Enclosures - boy, they really don’t have a replacement interval, so you’re fully exposed to the capital spending of the customers, the network rollouts.
At least in the battery side, even when they’re not putting in new networks, they still have replacement cycles, and I would say by and large in all regions that that replacement interval continues to sustain us, even in the telecom markets, and then we’re particularly kicking it pretty good in China right now as they’re doing a 4G rollout.
So hopefully that gets to the telecom question..
That’s helpful, thanks Dave..
Okay, great..
Our next question comes from John Franzreb with Sidoti & Company..
Good morning guys. I’d like to talk a little bit about the lack of operating leverage. With the gross margin performing so well in the fourth quarter, it didn’t really translate to the operating line.
You called out a couple items - executive compensation and higher warranty expenses, but you also said that Q1 would be similar type costs as Q4, and that has my head scratching a little bit.

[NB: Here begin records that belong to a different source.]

definition coprime_in :: "nat \<Rightarrow> (nat \<Rightarrow> nat \<Rightarrow> int) \<Rightarrow> qelem set \<Rightarrow> qelem \<Rightarrow> qelem \<Rightarrow> bool" where
  "coprime_in m Lam R a b \<longleftrightarrow>
     (\<forall>d\<in>R. (\<exists>x\<in>R. a = qmult m Lam d x) \<and> (\<exists>y\<in>R. b = qmult m Lam d y)
        \<longrightarrow> (\<exists>u\<in>R. qmult m Lam d u = qone))"

definition qfactor :: "(nat \<Rightarrow> lpoly) \<Rightarrow> nat \<Rightarrow> ivec \<Rightarrow> qelem" where
  "qfactor xi s f = (\<lambda>c a. \<Sum>r\<in>{0..s}. if c = (\<lambda>k. int r * f k) then xi r a else 0)"

primrec qprod :: "nat \<Rightarrow> (nat \<Rightarrow> nat \<Rightarrow> int) \<Rightarrow> (nat \<Rightarrow> qelem) \<Rightarrow> nat list \<Rightarrow> qelem" where
  "qprod m Lam F [] = qone"
| "qprod m Lam F (l # ls) = qmult m Lam (F l) (qprod m Lam F ls)"

definition compatible_pair :: "nat \<Rightarrow> nat \<Rightarrow> (nat \<Rightarrow> nat \<Rightarrow> int) \<Rightarrow> (nat \<Rightarrow> nat \<Rightarrow> int) \<Rightarrow> bool" where
  "compatible_pair m n Lam B \<longleftrightarrow>
     (\<forall>k\<in>{1..m}. \<forall>l\<in>{1..m}. Lam k l = - Lam l k) \<and>
     (\<exists>dt :: nat \<Rightarrow> int. (\<forall>l\<in>{1..n}. dt l > 0) \<and>
        (\<forall>k\<in>{1..m}. \<forall>l\<in>{1..n}. (\<Sum>p\<in>{1..m}. Lam k p * B p l) = (if k = l then - dt l else 0)))"

text \<open>Quantum seed data (the map X is the fixed quantum torus basis c \<mapsto> X(c)).\<close>
definition quantum_seed :: "nat \<Rightarrow> nat \<Rightarrow> (nat \<Rightarrow> nat \<Rightarrow> int) \<Rightarrow> (nat \<Rightarrow> nat \<Rightarrow> int)
     \<Rightarrow> (nat \<Rightarrow> nat) \<Rightarrow> (nat \<Rightarrow> nat \<Rightarrow> lpoly) \<Rightarrow> bool" where
  "quantum_seed m n Lam B d h \<longleftrightarrow>
     compatible_pair m n Lam B \<and>
     (\<forall>k\<in>{1..n}. d k > 0 \<and> (\<forall>p\<in>{1..m}. int (d k) dvd B p k)) \<and>
     (\<forall>k\<in>{1..n}. (\<forall>r\<in>{0..d k}. is_lpoly (h k r) \<and> h k r = h k (d k - r))
        \<and> h k 0 = lp_one \<and> h k (d k) = lp_one)"

end

theory Submission
  imports Defs "HOL-Library.List_Lexorder" "HOL-Library.Product_Lexorder"
begin

text \<open>
  Each product V_1, V_2 is supported on a ray (spanned by f_1, resp. f_2) and, for a monomial
  order increasing along that ray, has leading coefficient 1 whichever way the powers of q^(1/2)
  are ordered. Leading terms of products are products of leading terms, so for a factorisation
  V = D X and any additive weight w vanishing on the ray, max_D w + max_X w = 0 = min_D w + min_X w:
  w is constant on the support of D. The weights f k c l - f l c k show that the exponents of D
  differ by multiples of f_1 and of f_2, so by independence D involves a single exponent e.
  Comparing the leading terms for both orders of the powers of q^(1/2) then makes D a monomial
  +-q^(a/2) X(e) with e_i = e_j = 0. Its inverse, a monomial in X(-e), lies in L_0 and commutes
  with everything D commutes with, so D is a unit of the centre.
\<close>

section \<open>Terms of the quantum torus\<close>

text \<open>A term (c, a) stands for q^(a/2) X(c).\<close>

definition qcoeff :: "qelem \<Rightarrow> ivec \<times> int \<Rightarrow> int" where
  "qcoeff P z = P (fst z) (snd z)"

definition term_mult :: "nat \<Rightarrow> (nat \<Rightarrow> nat \<Rightarrow> int) \<Rightarrow> ivec \<times> int \<Rightarrow> ivec \<times> int \<Rightarrow> ivec \<times> int" where
  "term_mult m Lam x y = ((\<lambda>k. fst x k + fst y k), snd x + snd y + bil m Lam (fst x) (fst y))"

definition qmon :: "ivec \<times> int \<Rightarrow> int \<Rightarrow> qelem" where
  "qmon z \<alpha> = (\<lambda>c a. if (c, a) = z then \<alpha> else 0)"

lemma qelem_eqI: "(\<And>z. qcoeff P z = qcoeff Q z) \<Longrightarrow> P = Q"
  unfolding qcoeff_def by (metis fst_conv snd_conv ext)

lemma qsupp_iff: "z \<in> qsupp P \<longleftrightarrow> qcoeff P z \<noteq> 0"
  by (cases z) (simp add: qsupp_def qcoeff_def)

lemma qtorus_iff: "P \<in> qtorus m \<longleftrightarrow> finite (qsupp P) \<and> (\<forall>z\<in>qsupp P. in_Zm m (fst z))"
  unfolding qtorus_def by auto

lemma qtorus_in_Zm: "P \<in> qtorus m \<Longrightarrow> z \<in> qsupp P \<Longrightarrow> in_Zm m (fst z)"
  unfolding qtorus_iff by blast

lemma in_Zm_add: "in_Zm m c \<Longrightarrow> in_Zm m d \<Longrightarrow> in_Zm m (\<lambda>k. c k + d k)"
  unfolding in_Zm_def by auto

lemma term_mult_cancel_left:
  assumes "term_mult m Lam x y = term_mult m Lam x y'" shows "y = y'"
proof -
  have "fst y = fst y'" using assms by (simp add: term_mult_def fun_eq_iff)
  with assms show ?thesis by (simp add: term_mult_def prod_eq_iff)
qed

lemma qcoeff_qmult: "qcoeff (qmult m Lam P Q) z =
  (\<Sum>x\<in>qsupp P. \<Sum>y\<in>qsupp Q. if term_mult m Lam x y = z then qcoeff P x * qcoeff Q y else 0)"
  by (cases z) (simp add: qmult_def term_mult_def qcoeff_def split_def cong: if_cong)

lemma qcoeff_qmult_unique:
  assumes x0: "x0 \<in> qsupp P" and y0: "y0 \<in> qsupp Q" and fin: "finite (qsupp P)" "finite (qsupp Q)"
    and uniq: "\<And>x y. x \<in> qsupp P \<Longrightarrow> y \<in> qsupp Q \<Longrightarrow>
                 term_mult m Lam x y = term_mult m Lam x0 y0 \<Longrightarrow> x = x0 \<and> y = y0"
  shows "qcoeff (qmult m Lam P Q) (term_mult m Lam x0 y0) = qcoeff P x0 * qcoeff Q y0"
proof -
  have "qcoeff (qmult m Lam P Q) (term_mult m Lam x0 y0) =
     (\<Sum>x\<in>qsupp P. \<Sum>y\<in>qsupp Q. if x = x0 then (if y = y0 then qcoeff P x * qcoeff Q y else 0) else 0)"
    unfolding qcoeff_qmult
  proof (intro sum.cong refl)
    fix x y assume xy: "x \<in> qsupp P" "y \<in> qsupp Q"
    show "(if term_mult m Lam x y = term_mult m Lam x0 y0 then qcoeff P x * qcoeff Q y else 0) =
      (if x = x0 then (if y = y0 then qcoeff P x * qcoeff Q y else 0) else 0)"
      using uniq[OF xy] by (cases "x = x0 \<and> y = y0") auto
  qed
  also have "\<dots> = (\<Sum>x\<in>qsupp P. if x = x0 then qcoeff P x * qcoeff Q y0 else 0)"
    using y0 fin(2) by (intro sum.cong refl) (simp add: sum.delta')
  also have "\<dots> = qcoeff P x0 * qcoeff Q y0"
    using x0 fin(1) by (simp add: sum.delta')
  finally show ?thesis .
qed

Can you kind of walk us through what’s going on?.
Okay John. So as I mentioned in my prepared remarks, for the full year the dollar amount for operating expenses stayed constant.
Now, the top line, as you know, went down about $100 million, which is what drove that number, so part of that is the top line was more affected by currencies than our operating expenses because, as you might expect, the U.S.-based multi-national company has more of its operating or overhead costs based in the U.S.
than it does overseas, so that is part of the reason for the lack of leverage. We did talk about some of the things we are attempting to do, including a restructuring plan that was going to deliver $3 million in savings in 2017, to try to strengthen that.
In addition, there are other--you know, you have the normal compensation increases for, let’s say, cost of living adjustments of 3% to 4% of wages throughout most of the countries we operate in, so that puts pressure on you, and then in addition to that, as you know, there is also management incentive plans and stock compensation plans, the balances of which can change.
What the accrual might be for where you expect to finish or start a year can be different, so I think we were hopefully a little conservative by telling you that the first quarter should be 14.7% was the rate we finished the fourth quarter, and I think out of conservatism we used that number - it could be smaller.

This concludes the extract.